Description of the task: From the data below, repeat exactly the lines from the line with "(S i1)) \<in>" to the line with "by (subst integral_PiM_resample[OF M I i(3)", both included.

Records drawn from a dataset:
* * *

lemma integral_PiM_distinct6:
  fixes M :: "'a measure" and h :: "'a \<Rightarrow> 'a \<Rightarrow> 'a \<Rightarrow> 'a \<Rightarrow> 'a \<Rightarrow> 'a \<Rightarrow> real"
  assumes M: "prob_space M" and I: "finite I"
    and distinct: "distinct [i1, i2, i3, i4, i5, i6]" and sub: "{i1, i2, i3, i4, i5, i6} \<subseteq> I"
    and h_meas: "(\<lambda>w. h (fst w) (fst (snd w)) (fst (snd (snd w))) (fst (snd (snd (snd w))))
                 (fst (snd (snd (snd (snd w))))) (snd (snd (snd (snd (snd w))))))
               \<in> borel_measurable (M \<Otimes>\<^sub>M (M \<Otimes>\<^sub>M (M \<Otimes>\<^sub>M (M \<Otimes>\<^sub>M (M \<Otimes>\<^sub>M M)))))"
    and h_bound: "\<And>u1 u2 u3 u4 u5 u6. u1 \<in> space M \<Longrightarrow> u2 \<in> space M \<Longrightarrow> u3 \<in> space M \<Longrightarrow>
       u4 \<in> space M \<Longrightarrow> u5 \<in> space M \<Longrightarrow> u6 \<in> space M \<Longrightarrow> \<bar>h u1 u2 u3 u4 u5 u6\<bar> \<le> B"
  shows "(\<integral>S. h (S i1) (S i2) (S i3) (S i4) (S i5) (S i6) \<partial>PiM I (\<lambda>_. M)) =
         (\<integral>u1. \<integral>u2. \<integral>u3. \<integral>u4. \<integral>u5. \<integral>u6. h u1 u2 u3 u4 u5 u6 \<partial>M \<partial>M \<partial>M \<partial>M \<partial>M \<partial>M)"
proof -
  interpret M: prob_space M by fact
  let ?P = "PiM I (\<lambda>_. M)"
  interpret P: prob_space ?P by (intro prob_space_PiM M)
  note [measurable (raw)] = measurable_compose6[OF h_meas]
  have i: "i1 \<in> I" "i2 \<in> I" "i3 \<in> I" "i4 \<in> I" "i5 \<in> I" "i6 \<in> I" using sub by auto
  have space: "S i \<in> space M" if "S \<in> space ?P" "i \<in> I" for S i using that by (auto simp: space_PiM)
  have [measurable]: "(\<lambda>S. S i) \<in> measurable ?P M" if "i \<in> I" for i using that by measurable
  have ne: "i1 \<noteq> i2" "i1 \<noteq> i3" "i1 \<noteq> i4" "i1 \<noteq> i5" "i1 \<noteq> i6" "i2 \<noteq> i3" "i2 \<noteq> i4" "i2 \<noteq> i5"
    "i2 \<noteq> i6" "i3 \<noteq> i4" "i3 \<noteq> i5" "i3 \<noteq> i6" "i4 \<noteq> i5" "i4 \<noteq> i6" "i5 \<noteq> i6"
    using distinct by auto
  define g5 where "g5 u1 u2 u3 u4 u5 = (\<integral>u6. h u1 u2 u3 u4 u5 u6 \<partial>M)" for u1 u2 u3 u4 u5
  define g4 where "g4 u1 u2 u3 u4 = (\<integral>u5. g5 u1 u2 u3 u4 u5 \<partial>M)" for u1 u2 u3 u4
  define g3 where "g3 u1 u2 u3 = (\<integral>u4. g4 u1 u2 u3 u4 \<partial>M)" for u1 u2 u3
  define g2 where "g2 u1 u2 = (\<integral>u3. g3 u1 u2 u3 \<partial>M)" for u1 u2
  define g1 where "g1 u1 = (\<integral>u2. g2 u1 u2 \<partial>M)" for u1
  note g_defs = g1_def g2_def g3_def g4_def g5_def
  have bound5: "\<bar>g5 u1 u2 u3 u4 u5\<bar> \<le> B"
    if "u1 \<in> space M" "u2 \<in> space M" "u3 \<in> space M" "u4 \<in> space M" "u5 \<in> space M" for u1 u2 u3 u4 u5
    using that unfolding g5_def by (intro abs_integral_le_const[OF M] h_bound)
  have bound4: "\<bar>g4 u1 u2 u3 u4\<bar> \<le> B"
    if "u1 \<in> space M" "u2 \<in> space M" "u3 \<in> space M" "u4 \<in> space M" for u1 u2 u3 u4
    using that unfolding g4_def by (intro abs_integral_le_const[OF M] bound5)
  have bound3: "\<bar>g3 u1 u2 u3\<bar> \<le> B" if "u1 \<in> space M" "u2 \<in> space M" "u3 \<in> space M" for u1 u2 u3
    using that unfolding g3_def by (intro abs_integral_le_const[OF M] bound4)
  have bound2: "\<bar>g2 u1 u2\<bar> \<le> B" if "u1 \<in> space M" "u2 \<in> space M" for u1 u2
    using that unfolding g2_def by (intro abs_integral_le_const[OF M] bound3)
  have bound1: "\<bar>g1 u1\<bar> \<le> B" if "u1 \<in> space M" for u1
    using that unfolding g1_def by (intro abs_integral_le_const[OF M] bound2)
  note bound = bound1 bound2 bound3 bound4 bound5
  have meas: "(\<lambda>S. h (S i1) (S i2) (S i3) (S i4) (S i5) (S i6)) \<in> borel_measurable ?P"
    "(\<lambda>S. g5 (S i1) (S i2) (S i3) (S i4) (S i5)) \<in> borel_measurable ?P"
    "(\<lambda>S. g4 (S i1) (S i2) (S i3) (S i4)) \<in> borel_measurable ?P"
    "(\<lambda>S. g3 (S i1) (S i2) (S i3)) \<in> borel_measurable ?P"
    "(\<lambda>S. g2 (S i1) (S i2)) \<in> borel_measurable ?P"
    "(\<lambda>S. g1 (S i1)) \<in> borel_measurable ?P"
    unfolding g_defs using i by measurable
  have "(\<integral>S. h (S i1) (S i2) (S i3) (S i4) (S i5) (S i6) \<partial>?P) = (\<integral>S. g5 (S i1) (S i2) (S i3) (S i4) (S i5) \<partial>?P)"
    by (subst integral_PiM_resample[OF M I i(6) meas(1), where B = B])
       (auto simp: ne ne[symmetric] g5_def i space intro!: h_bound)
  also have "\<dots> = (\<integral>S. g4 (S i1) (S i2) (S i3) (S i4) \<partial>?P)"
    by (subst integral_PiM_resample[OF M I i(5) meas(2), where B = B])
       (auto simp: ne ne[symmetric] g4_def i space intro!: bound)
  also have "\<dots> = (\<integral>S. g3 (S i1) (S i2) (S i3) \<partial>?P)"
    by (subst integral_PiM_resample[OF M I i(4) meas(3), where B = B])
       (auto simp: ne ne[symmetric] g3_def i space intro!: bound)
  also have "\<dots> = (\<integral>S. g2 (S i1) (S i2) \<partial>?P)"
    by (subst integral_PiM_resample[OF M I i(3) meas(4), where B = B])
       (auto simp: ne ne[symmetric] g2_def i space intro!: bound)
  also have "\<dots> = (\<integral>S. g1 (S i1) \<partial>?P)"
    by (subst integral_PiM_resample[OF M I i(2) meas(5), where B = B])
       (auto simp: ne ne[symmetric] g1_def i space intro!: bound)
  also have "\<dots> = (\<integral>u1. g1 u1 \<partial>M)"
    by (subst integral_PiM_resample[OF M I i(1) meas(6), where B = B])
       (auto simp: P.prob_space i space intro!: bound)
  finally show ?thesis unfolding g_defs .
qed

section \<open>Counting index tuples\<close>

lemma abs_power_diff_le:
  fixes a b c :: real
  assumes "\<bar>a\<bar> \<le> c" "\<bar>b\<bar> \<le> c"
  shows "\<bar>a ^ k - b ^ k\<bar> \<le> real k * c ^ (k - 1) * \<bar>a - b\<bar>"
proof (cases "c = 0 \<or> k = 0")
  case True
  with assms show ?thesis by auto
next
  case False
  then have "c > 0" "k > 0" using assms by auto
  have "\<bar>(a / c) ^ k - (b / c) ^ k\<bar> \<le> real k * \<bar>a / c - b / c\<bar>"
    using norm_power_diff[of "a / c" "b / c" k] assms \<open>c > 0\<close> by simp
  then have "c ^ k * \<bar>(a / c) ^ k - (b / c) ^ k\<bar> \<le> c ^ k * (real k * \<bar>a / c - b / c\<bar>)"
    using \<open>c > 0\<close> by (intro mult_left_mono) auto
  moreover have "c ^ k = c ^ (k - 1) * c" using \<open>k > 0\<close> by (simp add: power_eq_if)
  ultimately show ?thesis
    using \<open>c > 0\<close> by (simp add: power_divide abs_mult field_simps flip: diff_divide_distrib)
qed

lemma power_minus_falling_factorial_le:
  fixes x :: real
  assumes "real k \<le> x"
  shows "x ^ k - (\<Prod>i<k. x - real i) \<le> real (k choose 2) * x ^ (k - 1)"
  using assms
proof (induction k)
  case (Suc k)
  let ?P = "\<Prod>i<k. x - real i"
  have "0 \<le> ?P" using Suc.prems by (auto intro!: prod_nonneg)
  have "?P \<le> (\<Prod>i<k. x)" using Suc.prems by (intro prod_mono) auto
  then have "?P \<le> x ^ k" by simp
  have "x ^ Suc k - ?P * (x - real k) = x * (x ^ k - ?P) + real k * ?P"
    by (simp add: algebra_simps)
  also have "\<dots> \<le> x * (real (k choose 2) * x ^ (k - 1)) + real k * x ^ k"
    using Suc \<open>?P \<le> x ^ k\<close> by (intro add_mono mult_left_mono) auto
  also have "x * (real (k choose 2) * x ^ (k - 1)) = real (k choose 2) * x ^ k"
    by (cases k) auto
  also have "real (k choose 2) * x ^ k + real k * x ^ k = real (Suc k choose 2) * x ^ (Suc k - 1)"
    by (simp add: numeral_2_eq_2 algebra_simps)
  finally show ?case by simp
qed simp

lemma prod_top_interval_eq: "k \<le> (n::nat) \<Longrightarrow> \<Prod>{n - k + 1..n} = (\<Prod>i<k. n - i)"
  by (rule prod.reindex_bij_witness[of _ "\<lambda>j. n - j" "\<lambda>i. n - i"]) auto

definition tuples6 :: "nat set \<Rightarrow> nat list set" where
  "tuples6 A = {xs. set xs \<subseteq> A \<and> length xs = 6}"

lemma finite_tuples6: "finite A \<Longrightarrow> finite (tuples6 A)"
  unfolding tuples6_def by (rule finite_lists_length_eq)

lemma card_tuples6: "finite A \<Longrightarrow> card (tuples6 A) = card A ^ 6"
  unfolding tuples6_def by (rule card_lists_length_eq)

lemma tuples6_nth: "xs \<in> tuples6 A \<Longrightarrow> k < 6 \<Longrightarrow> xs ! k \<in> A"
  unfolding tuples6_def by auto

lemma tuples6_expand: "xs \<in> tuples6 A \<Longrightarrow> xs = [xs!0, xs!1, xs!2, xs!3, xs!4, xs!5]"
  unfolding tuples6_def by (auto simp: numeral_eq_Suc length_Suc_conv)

* * *

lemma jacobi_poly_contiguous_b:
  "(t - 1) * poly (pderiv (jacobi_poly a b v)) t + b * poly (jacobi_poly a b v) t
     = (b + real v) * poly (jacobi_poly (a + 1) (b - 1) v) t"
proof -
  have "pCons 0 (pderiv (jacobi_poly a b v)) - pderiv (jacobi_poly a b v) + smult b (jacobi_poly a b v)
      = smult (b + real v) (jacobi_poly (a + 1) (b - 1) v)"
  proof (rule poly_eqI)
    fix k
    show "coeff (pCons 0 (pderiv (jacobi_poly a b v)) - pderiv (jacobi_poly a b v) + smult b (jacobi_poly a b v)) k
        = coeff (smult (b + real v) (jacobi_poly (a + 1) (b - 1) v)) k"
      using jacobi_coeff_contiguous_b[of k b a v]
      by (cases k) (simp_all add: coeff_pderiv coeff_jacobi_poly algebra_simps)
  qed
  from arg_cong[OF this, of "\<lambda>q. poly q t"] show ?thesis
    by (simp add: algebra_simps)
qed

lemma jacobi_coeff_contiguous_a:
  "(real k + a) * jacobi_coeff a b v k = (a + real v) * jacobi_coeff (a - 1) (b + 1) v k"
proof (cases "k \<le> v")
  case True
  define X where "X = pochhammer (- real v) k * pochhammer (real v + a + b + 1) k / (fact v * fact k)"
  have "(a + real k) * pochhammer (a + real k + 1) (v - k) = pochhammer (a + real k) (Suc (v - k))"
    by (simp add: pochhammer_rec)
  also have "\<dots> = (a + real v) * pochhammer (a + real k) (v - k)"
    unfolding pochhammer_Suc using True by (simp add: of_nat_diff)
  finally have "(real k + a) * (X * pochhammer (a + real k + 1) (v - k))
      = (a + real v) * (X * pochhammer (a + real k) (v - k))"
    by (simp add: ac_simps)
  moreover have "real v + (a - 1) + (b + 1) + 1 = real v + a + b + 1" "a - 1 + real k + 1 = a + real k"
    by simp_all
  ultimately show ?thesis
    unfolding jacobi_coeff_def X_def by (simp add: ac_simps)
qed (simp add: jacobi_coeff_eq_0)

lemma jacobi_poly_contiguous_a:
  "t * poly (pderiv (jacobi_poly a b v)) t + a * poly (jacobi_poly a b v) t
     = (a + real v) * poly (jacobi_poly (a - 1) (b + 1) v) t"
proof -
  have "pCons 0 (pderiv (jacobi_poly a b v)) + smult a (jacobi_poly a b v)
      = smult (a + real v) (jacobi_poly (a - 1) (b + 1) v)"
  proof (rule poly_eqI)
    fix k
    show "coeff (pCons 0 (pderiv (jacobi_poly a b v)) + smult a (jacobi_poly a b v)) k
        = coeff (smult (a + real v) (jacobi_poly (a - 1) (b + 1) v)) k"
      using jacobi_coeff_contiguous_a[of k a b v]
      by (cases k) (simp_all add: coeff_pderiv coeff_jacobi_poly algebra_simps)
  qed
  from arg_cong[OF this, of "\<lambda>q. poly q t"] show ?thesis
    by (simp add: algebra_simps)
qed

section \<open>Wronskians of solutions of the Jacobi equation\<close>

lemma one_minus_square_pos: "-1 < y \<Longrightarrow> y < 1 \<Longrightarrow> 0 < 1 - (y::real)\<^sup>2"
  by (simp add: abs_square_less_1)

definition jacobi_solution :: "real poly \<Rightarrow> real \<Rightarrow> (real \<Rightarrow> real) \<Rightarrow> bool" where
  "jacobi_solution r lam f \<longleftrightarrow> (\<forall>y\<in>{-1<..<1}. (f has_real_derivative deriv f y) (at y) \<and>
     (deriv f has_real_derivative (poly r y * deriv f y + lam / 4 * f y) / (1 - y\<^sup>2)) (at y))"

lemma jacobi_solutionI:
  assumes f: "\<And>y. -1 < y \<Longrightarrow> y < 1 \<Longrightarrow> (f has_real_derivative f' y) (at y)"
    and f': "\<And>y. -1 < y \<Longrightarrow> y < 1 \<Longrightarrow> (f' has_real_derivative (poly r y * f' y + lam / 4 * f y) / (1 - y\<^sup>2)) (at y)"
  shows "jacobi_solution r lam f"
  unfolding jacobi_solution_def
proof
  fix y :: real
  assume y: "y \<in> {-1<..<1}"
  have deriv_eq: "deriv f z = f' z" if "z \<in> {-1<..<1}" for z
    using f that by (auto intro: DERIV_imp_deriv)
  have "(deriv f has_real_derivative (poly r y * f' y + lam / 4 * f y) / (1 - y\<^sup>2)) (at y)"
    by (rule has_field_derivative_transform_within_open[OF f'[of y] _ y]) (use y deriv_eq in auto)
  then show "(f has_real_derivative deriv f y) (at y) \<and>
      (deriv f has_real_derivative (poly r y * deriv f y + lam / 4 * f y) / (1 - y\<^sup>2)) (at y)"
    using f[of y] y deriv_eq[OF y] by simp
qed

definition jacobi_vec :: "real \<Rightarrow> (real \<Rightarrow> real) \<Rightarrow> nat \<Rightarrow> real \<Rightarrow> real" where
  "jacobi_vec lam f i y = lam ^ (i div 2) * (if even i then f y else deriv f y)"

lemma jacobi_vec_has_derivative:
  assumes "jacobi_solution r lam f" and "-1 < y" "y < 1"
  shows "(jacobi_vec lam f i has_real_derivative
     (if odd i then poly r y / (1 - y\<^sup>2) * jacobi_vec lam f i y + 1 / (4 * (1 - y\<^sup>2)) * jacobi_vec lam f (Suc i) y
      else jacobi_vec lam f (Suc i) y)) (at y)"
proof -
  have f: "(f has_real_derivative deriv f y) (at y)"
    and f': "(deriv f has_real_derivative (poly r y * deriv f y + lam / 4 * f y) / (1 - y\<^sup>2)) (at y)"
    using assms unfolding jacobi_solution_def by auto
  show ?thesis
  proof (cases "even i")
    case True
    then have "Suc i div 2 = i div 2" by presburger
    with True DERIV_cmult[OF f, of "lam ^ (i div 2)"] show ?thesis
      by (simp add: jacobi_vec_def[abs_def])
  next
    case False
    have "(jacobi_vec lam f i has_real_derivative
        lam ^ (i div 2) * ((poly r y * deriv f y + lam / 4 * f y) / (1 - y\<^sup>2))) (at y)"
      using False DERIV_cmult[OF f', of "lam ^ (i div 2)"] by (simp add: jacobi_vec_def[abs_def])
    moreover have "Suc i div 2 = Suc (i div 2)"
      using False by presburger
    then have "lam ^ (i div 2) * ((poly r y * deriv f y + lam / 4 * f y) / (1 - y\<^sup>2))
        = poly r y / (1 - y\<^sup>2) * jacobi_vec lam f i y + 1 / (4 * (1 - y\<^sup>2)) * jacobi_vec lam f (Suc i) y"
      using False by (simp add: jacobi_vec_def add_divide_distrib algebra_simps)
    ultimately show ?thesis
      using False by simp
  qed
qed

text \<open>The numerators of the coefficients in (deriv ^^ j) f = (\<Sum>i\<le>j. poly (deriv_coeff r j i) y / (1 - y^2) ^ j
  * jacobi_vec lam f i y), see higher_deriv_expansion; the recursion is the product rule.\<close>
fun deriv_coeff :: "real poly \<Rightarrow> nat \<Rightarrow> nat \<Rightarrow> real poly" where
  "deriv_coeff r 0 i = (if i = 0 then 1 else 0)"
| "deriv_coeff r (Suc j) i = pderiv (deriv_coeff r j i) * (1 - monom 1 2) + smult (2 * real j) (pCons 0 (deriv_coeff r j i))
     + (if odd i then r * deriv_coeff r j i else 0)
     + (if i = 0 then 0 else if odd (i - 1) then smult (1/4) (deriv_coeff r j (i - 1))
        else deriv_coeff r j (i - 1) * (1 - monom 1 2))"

* * *

Exercise answer:
    "(\<lambda>S. g1 (S i1)) \<in> borel_measurable ?P"
    unfolding g_defs using i by measurable
  have "(\<integral>S. h (S i1) (S i2) (S i3) (S i4) (S i5) (S i6) \<partial>?P) = (\<integral>S. g5 (S i1) (S i2) (S i3) (S i4) (S i5) \<partial>?P)"
    by (subst integral_PiM_resample[OF M I i(6) meas(1), where B = B])
       (auto simp: ne ne[symmetric] g5_def i space intro!: h_bound)
  also have "\<dots> = (\<integral>S. g4 (S i1) (S i2) (S i3) (S i4) \<partial>?P)"
    by (subst integral_PiM_resample[OF M I i(5) meas(2), where B = B])
       (auto simp: ne ne[symmetric] g4_def i space intro!: bound)
  also have "\<dots> = (\<integral>S. g3 (S i1) (S i2) (S i3) \<partial>?P)"
    by (subst integral_PiM_resample[OF M I i(4) meas(3), where B = B])
       (auto simp: ne ne[symmetric] g3_def i space intro!: bound)
  also have "\<dots> = (\<integral>S. g2 (S i1) (S i2) \<partial>?P)"
    by (subst integral_PiM_resample[OF M I i(3) meas(4), where B = B])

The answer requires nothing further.